I have used my poetry and an analysis of it as a personal metric for how good models are. Gemini 2.5 pro was the first time a model could keep track of the breadth of the work without getting lost, but Opus 4.6 straight up does not get anything wrong and goes beyond that to identify things (key poems, key motifs, and many other things) that I would always have to kind of trick the models into producing. I would always feel like I was leading the models on. But this — this — this is unbelievable. Unbelievable. Insane.

This "key poem" thing is particularly surreal to me. Out of 900 poems, while analyzing the collection, it picked 12 "key poems, and I do agree that 11 of those would be on my 30-or-so "key poem list". What's amazing is that whenever I explicitly asked any model, to this date, to do it, they would get maybe 2 or 3, but mostly fail completely.

What is this sorcery?

emp17344 4 hours ago

This sounds wayyyy over the top for a mode that released 10 mins ago. At least wait an hour or so before spewing breathless hype.

pb7 3 hours ago

He just explained a specific personal example why he is hyped up, did you read a word of it?

emp17344 3 hours ago

scrollop 4 hours ago

Can you compare the result to using 5.2 thinking and gemini 3 pro?

jorl17 3 hours ago

I can run the comparison again, and also include OpenAI's new release (if the context is long enough), but, last time I did it, they weren't even in the same league.

When I last did it, 5.X thinking (can't remember which it was) had this terrible habit of code-switching between english and portuguese that made it sound like a robot (an agent to do things, rather than a human writing an essay), and it just didn't really "reason" effectively over the poems.
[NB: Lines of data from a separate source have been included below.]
(* Let $\bar f:[a,b]\to\mathbb{R}_\mathcal{I}$, $\bar f(x)=[f_l(x),f_r(x)]$. Then $\bar f$ is continuous on $[a,b]$ if and only if $f_l$ and $f_r$ are continuous on $[a,b]$.
   Context: An interval number is a closed interval $\bar a=[a_l,a_r]$ with $a_l<a_r$ real; $\mathbb{R}_\mathcal{I}$ is the set of interval numbers. Write $a_c=(a_l+a_r)/2$, $a_w=(a_r-a_l)/2>0$. Distance: $d(\bar a,\bar b)=\sqrt{(a_c-b_c)^2+(\ln a_w-\ln b_w)^2}$. $\bar f$ is continuous at $x\in[a,b]$ if for every $\varepsilon>0$ there is $\delta>0$ with $d(\bar f(x),\bar f(y))<\varepsilon$ for all $y\in[a,b]$ with $|y-x|<\delta$; continuous on $[a,b]$ if continuous at each point. *)

theory Defs
  imports "HOL-Analysis.Analysis"
begin

text \<open>An interval number [al, ar] with al < ar is represented by the pair (al, ar).\<close>

definition is_interval_number :: "real \<times> real \<Rightarrow> bool" where
  "is_interval_number A \<longleftrightarrow> fst A < snd A"

definition icenter :: "real \<times> real \<Rightarrow> real" where
  "icenter A = (fst A + snd A) / 2"

definition iwidth :: "real \<times> real \<Rightarrow> real" where
  "iwidth A = (snd A - fst A) / 2"

definition idist :: "real \<times> real \<Rightarrow> real \<times> real \<Rightarrow> real" where
  "idist A B = sqrt ((icenter A - icenter B)^2 + (ln (iwidth A) - ln (iwidth B))^2)"

definition icontinuous_at :: "real \<Rightarrow> real \<Rightarrow> (real \<Rightarrow> real \<times> real) \<Rightarrow> real \<Rightarrow> bool" where
  "icontinuous_at a b F x \<longleftrightarrow>
     (\<forall>\<epsilon>>0. \<exists>\<delta>>0. \<forall>y\<in>{a..b}. \<bar>y - x\<bar> < \<delta> \<longrightarrow> idist (F x) (F y) < \<epsilon>)"

definition icontinuous_on :: "real \<Rightarrow> real \<Rightarrow> (real \<Rightarrow> real \<times> real) \<Rightarrow> bool" where
  "icontinuous_on a b F \<longleftrightarrow> (\<forall>x\<in>{a..b}. icontinuous_at a b F x)"

end

theory Submission
  imports Defs
begin

text \<open>The coordinates \<open>(a\<^sub>c, ln a\<^sub>w)\<close> embed interval numbers isometrically into the
  Euclidean plane, so \<open>f\<close> is continuous iff its centre \<open>(f\<^sub>l + f\<^sub>r)/2\<close> and its log
  half-width \<open>ln ((f\<^sub>r - f\<^sub>l)/2)\<close> are. Since \<open>ln\<close> is a homeomorphism of the positive reals
  onto \<open>\<real>\<close>, and centre and half-width are an invertible linear change of the endpoints,
  this is equivalent to continuity of \<open>f\<^sub>l\<close> and \<open>f\<^sub>r\<close>.\<close>

lemma idist_eq_dist:
  "idist A B = dist (icenter A, ln (iwidth A)) (icenter B, ln (iwidth B))"
  unfolding idist_def dist_Pair_Pair dist_real_def by simp

lemma icontinuous_on_iff_continuous_on:
  "icontinuous_on a b F \<longleftrightarrow>
   continuous_on {a..b} (\<lambda>x. (icenter (F x), ln (iwidth (F x))))"
  unfolding icontinuous_on_def icontinuous_at_def continuous_on_eq_continuous_within
    continuous_within_eps_delta idist_eq_dist
  by (simp add: dist_real_def dist_commute abs_minus_commute)

lemma continuous_on_Pair_iff:
  "continuous_on S (\<lambda>x. (f x, g x)) \<longleftrightarrow> continuous_on S f \<and> continuous_on S g"
proof
  assume "continuous_on S (\<lambda>x. (f x, g x))"
  from continuous_on_fst[OF this] continuous_on_snd[OF this]
  show "continuous_on S f \<and> continuous_on S g" by simp
qed (auto intro: continuous_on_Pair)

lemma continuous_on_ln_iff:
  fixes g :: "'a::topological_space \<Rightarrow> real"
  assumes pos: "\<And>x. x \<in> S \<Longrightarrow> g x > 0"
  shows "continuous_on S (\<lambda>x. ln (g x)) \<longleftrightarrow> continuous_on S g"
proof
  assume "continuous_on S (\<lambda>x. ln (g x))"
  then have "continuous_on S (\<lambda>x. exp (ln (g x)))"
    by (rule continuous_on_exp)
  then show "continuous_on S g"
    by (rule continuous_on_eq) (simp add: pos)
next
  assume "continuous_on S g"
  then show "continuous_on S (\<lambda>x. ln (g x))"
    by (rule continuous_on_ln) (use pos in force)
qed

lemma continuous_on_midpoint_halfwidth_iff:
  fixes l r :: "'a::topological_space \<Rightarrow> real"
  shows "continuous_on S (\<lambda>x. (l x + r x) / 2) \<and> continuous_on S (\<lambda>x. (r x - l x) / 2)
     \<longleftrightarrow> continuous_on S l \<and> continuous_on S r"
proof
  let ?c = "\<lambda>x. (l x + r x) / 2" and ?w = "\<lambda>x. (r x - l x) / 2"
  assume "continuous_on S ?c \<and> continuous_on S ?w"
  then have "continuous_on S (\<lambda>x. ?c x - ?w x)" "continuous_on S (\<lambda>x. ?c x + ?w x)"
    by (auto intro!: continuous_intros)
  then show "continuous_on S l \<and> continuous_on S r"
    by (simp add: field_simps)
qed (auto intro!: continuous_intros)

theorem theorem3p5:
  fixes a b :: real and fl fr :: "real \<Rightarrow> real"
  assumes "\<forall>x\<in>{a..b}. is_interval_number (fl x, fr x)"
  shows "icontinuous_on a b (\<lambda>x. (fl x, fr x)) \<longleftrightarrow>
         continuous_on {a..b} fl \<and> continuous_on {a..b} fr"
proof -
  let ?c = "\<lambda>x. (fl x + fr x) / 2" and ?w = "\<lambda>x. (fr x - fl x) / 2"
  have width_pos: "\<And>x. x \<in> {a..b} \<Longrightarrow> ?w x > 0"
    using assms by (auto simp: is_interval_number_def)
  have "icontinuous_on a b (\<lambda>x. (fl x, fr x)) \<longleftrightarrow>
        continuous_on {a..b} (\<lambda>x. (?c x, ln (?w x)))"
    by (simp only: icontinuous_on_iff_continuous_on icenter_def iwidth_def fst_conv snd_conv)
  also have "\<dots> \<longleftrightarrow> continuous_on {a..b} ?c \<and> continuous_on {a..b} (\<lambda>x. ln (?w x))"
    by (rule continuous_on_Pair_iff)
  also have "\<dots> \<longleftrightarrow> continuous_on {a..b} ?c \<and> continuous_on {a..b} ?w"
    using continuous_on_ln_iff[of "{a..b}" ?w, OF width_pos] by simp
  also have "\<dots> \<longleftrightarrow> continuous_on {a..b} fl \<and> continuous_on {a..b} fr"
    by (rule continuous_on_midpoint_halfwidth_iff)
  finally show ?thesis .
qed

end
(* Let $\mathcal A\in\mathbb R^{n_1}\otimes\cdots\otimes\mathbb R^{n_k}$, $1\le s\le k$, $r\le\min\{n_1,\dots,n_k\}$. A point $(U,\mathbf x)\in W_{\mathbf n,r,*}$ is a critical point of $g(U,\mathbf x)=\frac12\|\mathcal A-(U^{(1)},\dots,U^{(k)})\cdot\operatorname{diag}_k(\mathbf x)\|^2$ on $W_{\mathbf n,r,*}$ if and only if $(U,\operatorname{diag}_k(\mathbf x))$ is a KKT point of problem (LRPOTA).
   Context: $\mathrm V(r,n)=\{U\in\mathbb R^{n\times r}:U^{\mathsf T}U=I_r\}$; $\mathrm B(r,n)$: $n\times r$ real matrices with unit columns; $\mathrm{OB}(r,n)$: full-column-rank elements of $\mathrm B(r,n)$. $W_{\mathbf n,r,*}=\mathrm V(r,n_1)\times\cdots\times\mathrm V(r,n_s)\times\mathrm{OB}(r,n_{s+1})\times\cdots\times\mathrm{OB}(r,n_k)\times(\mathbb R\setminus\{0\})^r$, a smooth manifold; critical points of $g$ on it are points where its Riemannian gradient vanishes. $(U^{(1)},\dots,U^{(k)})\cdot\operatorname{diag}_k(\mathbf x)=\sum_jx_j\mathbf u^{(1)}_j\otimes\cdots\otimes\mathbf u^{(k)}_j$. Problem (LRPOTA): minimize $G(U,\lambda)=\|\mathcal A-(U^{(1)},\dots,U^{(k)})\cdot\operatorname{diag}_k(\lambda)\|^2$ over $\lambda\in\mathbb R^r$, $U^{(i)}\in\mathrm V(r,n_i)$ ($i\le s$), $U^{(i)}\in\mathrm B(r,n_i)$ ($i>s$). A feasible $(U,\operatorname{diag}_k(\lambda))$ is a KKT point if there exist symmetric $P_1,\dots,P_s\in\mathbb R^{r\times r}$ and $\mathbf p_{s+1},\dots,\mathbf p_k\in\mathbb R^r$ with $\nabla_{U^{(i)}}G(U,\lambda)=U^{(i)}P_i$ for $i\le s$, $\nabla_{U^{(i)}}G(U,\lambda)=U^{(i)}\operatorname{diag}(\mathbf p_i)$ for $i>s$, and $\nabla_\lambda G(U,\lambda)=0$ (Lagrange stationarity for the constraints $(U^{(i)})^{\mathsf T}U^{(i)}=I_r$ and unit-norm columns). *)

theory Defs
  imports "HOL-Analysis.Analysis"
begin

text \<open>Modes are 0-indexed: mode i ranges over 0..<k (paper: i+1).
  Factor matrices: U i a j = entry (a,j) of U^(i+1), a < n i, j < r.
  Tensors: functions on multi-indices in tidx k n.\<close>

definition tidx :: "nat \<Rightarrow> (nat \<Rightarrow> nat) \<Rightarrow> (nat \<Rightarrow> nat) set" where
  "tidx k n = PiE {..<k} (\<lambda>i. {..<n i})"

definition cpd :: "nat \<Rightarrow> nat \<Rightarrow> (nat \<Rightarrow> nat \<Rightarrow> nat \<Rightarrow> real) \<Rightarrow> (nat \<Rightarrow> real)
                    \<Rightarrow> (nat \<Rightarrow> nat) \<Rightarrow> real" where
  "cpd k r U x = (\<lambda>\<iota>. \<Sum>j<r. x j * (\<Prod>i<k. U i (\<iota> i) j))"

definition LG :: "nat \<Rightarrow> (nat \<Rightarrow> nat) \<Rightarrow> nat \<Rightarrow> ((nat \<Rightarrow> nat) \<Rightarrow> real)
                   \<Rightarrow> (nat \<Rightarrow> nat \<Rightarrow> nat \<Rightarrow> real) \<Rightarrow> (nat \<Rightarrow> real) \<Rightarrow> real" where
  "LG k n r A U x = (\<Sum>\<iota>\<in>tidx k n. (A \<iota> - cpd k r U x \<iota>)^2)"

definition lg :: "nat \<Rightarrow> (nat \<Rightarrow> nat) \<Rightarrow> nat \<Rightarrow> ((nat \<Rightarrow> nat) \<Rightarrow> real)
                   \<Rightarrow> (nat \<Rightarrow> nat \<Rightarrow> nat \<Rightarrow> real) \<Rightarrow> (nat \<Rightarrow> real) \<Rightarrow> real" where
  "lg k n r A U x = LG k n r A U x / 2"

definition col_inner :: "(nat \<Rightarrow> nat) \<Rightarrow> (nat \<Rightarrow> nat \<Rightarrow> nat \<Rightarrow> real) \<Rightarrow> nat \<Rightarrow> nat \<Rightarrow> nat \<Rightarrow> real" where
  "col_inner n U i j l = (\<Sum>a<n i. U i a j * U i a l)"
I can't explain it in any other way other than: "5.X thinking interprets this body of work in a way that is plausible, but I know, as the author, to be wrong; and I expect most people would also eventually find it to be wrong, as if it is being only very superficially looked at, or looked at by a high-schooler".

Gemini 3, at the time, was the worst of them, with some hallucinations, date mix ups (mixing poems from 2023 with poems from 2019), and overall just feeling quite lost and making very outlandish interpretations of the work. To be honest it sort of feels like Gemini hasn't been able to progress on this task since 2.5 pro (it has definitely improved on other things — I've recently switched to Gemini 3 on a product that was using 2.5 before)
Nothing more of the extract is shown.